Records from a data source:
--- START ---

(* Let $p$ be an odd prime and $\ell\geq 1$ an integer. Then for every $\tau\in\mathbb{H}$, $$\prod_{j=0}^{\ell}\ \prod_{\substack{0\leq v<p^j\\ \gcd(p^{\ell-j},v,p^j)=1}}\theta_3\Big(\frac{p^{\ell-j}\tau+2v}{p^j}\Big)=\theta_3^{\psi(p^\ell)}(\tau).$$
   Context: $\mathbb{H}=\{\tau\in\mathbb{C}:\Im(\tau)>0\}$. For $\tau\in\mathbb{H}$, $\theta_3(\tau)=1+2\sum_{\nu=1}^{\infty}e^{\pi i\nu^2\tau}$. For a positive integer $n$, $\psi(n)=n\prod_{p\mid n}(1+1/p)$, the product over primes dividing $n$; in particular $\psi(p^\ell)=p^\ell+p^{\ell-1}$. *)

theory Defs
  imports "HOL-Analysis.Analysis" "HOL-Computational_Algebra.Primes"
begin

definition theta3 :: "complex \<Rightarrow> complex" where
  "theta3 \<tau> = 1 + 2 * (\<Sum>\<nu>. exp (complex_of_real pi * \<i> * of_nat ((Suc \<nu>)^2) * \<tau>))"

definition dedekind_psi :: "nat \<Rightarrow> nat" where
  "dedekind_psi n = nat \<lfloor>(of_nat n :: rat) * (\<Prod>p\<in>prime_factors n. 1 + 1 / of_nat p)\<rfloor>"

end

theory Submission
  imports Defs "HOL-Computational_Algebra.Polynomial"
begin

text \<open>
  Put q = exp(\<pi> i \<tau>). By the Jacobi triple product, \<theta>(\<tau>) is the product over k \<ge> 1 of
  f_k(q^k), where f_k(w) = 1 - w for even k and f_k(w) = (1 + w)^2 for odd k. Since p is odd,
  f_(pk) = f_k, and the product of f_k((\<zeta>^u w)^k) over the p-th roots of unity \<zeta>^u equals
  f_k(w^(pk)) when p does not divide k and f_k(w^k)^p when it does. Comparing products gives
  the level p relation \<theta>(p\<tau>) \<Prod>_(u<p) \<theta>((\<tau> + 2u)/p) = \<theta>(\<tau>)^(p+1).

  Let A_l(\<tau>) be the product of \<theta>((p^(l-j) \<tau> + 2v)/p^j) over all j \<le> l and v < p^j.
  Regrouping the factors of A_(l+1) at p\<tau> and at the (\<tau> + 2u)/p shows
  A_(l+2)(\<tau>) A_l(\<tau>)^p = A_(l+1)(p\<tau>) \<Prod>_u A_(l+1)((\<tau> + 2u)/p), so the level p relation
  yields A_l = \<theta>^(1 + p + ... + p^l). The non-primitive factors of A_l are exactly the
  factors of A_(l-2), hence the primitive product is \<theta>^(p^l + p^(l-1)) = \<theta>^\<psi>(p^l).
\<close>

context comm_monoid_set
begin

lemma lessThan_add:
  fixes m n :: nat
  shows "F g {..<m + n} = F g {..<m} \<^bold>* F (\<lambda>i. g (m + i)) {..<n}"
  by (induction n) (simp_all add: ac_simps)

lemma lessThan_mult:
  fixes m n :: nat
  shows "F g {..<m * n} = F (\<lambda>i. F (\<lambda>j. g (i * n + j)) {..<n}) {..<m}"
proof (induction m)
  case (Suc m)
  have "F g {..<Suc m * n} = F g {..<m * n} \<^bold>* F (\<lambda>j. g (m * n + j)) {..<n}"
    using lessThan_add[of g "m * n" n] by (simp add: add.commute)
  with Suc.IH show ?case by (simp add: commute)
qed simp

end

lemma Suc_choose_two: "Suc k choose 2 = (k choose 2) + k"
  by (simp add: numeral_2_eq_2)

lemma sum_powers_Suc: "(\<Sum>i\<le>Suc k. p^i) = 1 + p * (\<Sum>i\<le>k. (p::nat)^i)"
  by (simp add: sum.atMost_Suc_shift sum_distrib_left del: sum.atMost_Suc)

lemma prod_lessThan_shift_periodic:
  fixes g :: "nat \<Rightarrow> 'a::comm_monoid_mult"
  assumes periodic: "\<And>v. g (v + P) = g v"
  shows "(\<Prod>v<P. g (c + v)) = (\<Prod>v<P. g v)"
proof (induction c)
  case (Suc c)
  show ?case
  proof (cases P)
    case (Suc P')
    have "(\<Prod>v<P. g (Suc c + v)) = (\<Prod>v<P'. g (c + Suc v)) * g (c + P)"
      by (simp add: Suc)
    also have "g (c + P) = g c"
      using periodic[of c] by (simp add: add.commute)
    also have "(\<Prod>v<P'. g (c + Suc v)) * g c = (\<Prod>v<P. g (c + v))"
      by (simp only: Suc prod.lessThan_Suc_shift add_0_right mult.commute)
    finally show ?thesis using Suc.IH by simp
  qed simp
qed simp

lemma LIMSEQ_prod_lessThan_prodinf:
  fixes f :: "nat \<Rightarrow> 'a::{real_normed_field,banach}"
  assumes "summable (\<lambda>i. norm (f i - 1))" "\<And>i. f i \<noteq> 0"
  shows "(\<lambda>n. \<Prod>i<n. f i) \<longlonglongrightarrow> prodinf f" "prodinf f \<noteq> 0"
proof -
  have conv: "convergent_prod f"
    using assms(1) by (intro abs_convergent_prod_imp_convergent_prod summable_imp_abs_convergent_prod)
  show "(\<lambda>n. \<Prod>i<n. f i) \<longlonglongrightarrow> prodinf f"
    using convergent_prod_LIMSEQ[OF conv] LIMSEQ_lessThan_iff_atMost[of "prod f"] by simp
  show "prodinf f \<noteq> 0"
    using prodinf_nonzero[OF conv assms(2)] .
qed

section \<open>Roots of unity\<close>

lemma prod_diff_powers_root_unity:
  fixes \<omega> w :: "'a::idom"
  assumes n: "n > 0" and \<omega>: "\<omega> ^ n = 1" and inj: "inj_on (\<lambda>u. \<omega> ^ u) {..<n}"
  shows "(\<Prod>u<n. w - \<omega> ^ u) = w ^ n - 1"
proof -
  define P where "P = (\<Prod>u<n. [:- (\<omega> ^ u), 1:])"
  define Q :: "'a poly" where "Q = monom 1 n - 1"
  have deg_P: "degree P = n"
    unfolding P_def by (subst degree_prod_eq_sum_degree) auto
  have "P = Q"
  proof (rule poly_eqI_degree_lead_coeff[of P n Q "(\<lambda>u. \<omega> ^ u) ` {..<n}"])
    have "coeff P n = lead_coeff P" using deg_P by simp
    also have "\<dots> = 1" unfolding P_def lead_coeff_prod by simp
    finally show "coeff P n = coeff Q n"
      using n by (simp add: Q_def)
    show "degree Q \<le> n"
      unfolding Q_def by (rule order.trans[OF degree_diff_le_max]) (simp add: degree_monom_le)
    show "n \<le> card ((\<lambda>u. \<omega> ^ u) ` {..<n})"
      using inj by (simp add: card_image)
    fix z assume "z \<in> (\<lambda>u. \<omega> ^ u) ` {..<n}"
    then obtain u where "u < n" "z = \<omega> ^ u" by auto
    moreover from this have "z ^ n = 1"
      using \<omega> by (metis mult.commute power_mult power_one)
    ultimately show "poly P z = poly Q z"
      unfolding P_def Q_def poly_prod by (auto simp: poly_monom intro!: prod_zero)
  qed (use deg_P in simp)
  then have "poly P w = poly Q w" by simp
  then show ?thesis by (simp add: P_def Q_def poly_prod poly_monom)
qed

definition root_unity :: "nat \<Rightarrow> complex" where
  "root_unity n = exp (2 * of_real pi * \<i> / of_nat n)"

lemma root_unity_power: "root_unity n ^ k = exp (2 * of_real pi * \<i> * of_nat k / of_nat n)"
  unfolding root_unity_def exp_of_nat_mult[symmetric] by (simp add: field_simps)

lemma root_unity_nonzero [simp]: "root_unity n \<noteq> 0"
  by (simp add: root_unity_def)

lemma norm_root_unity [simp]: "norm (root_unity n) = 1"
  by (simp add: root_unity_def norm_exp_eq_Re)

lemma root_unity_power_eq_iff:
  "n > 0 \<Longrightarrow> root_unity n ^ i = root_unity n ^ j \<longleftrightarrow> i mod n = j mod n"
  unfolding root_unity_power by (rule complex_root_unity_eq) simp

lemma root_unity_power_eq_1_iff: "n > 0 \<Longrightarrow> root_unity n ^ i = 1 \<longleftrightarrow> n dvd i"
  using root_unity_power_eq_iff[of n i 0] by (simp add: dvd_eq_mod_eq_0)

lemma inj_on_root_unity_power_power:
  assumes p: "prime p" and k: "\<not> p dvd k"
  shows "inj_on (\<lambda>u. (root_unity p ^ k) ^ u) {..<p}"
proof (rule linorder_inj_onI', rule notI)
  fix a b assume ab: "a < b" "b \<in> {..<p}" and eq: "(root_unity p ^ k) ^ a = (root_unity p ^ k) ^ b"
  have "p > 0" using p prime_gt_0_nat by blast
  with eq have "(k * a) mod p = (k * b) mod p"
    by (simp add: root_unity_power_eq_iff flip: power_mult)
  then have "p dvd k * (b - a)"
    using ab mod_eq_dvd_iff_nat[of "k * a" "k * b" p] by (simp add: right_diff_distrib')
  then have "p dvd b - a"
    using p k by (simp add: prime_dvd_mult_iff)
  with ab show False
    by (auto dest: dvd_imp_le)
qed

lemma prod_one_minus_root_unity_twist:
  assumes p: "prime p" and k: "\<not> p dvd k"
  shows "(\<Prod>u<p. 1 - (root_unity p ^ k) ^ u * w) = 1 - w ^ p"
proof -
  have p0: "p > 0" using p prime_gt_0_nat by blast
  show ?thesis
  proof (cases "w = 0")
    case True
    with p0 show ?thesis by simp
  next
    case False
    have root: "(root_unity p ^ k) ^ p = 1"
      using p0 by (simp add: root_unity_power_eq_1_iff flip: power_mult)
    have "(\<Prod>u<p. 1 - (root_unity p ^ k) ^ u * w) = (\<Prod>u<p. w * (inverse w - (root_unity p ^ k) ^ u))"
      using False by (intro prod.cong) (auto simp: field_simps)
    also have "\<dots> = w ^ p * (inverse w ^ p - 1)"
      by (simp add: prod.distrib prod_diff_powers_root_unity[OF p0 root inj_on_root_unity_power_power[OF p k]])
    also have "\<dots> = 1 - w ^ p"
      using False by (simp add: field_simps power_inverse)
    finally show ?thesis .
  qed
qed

--- END ---

Count how many lines above carry the word "assms". Only the number is required.

2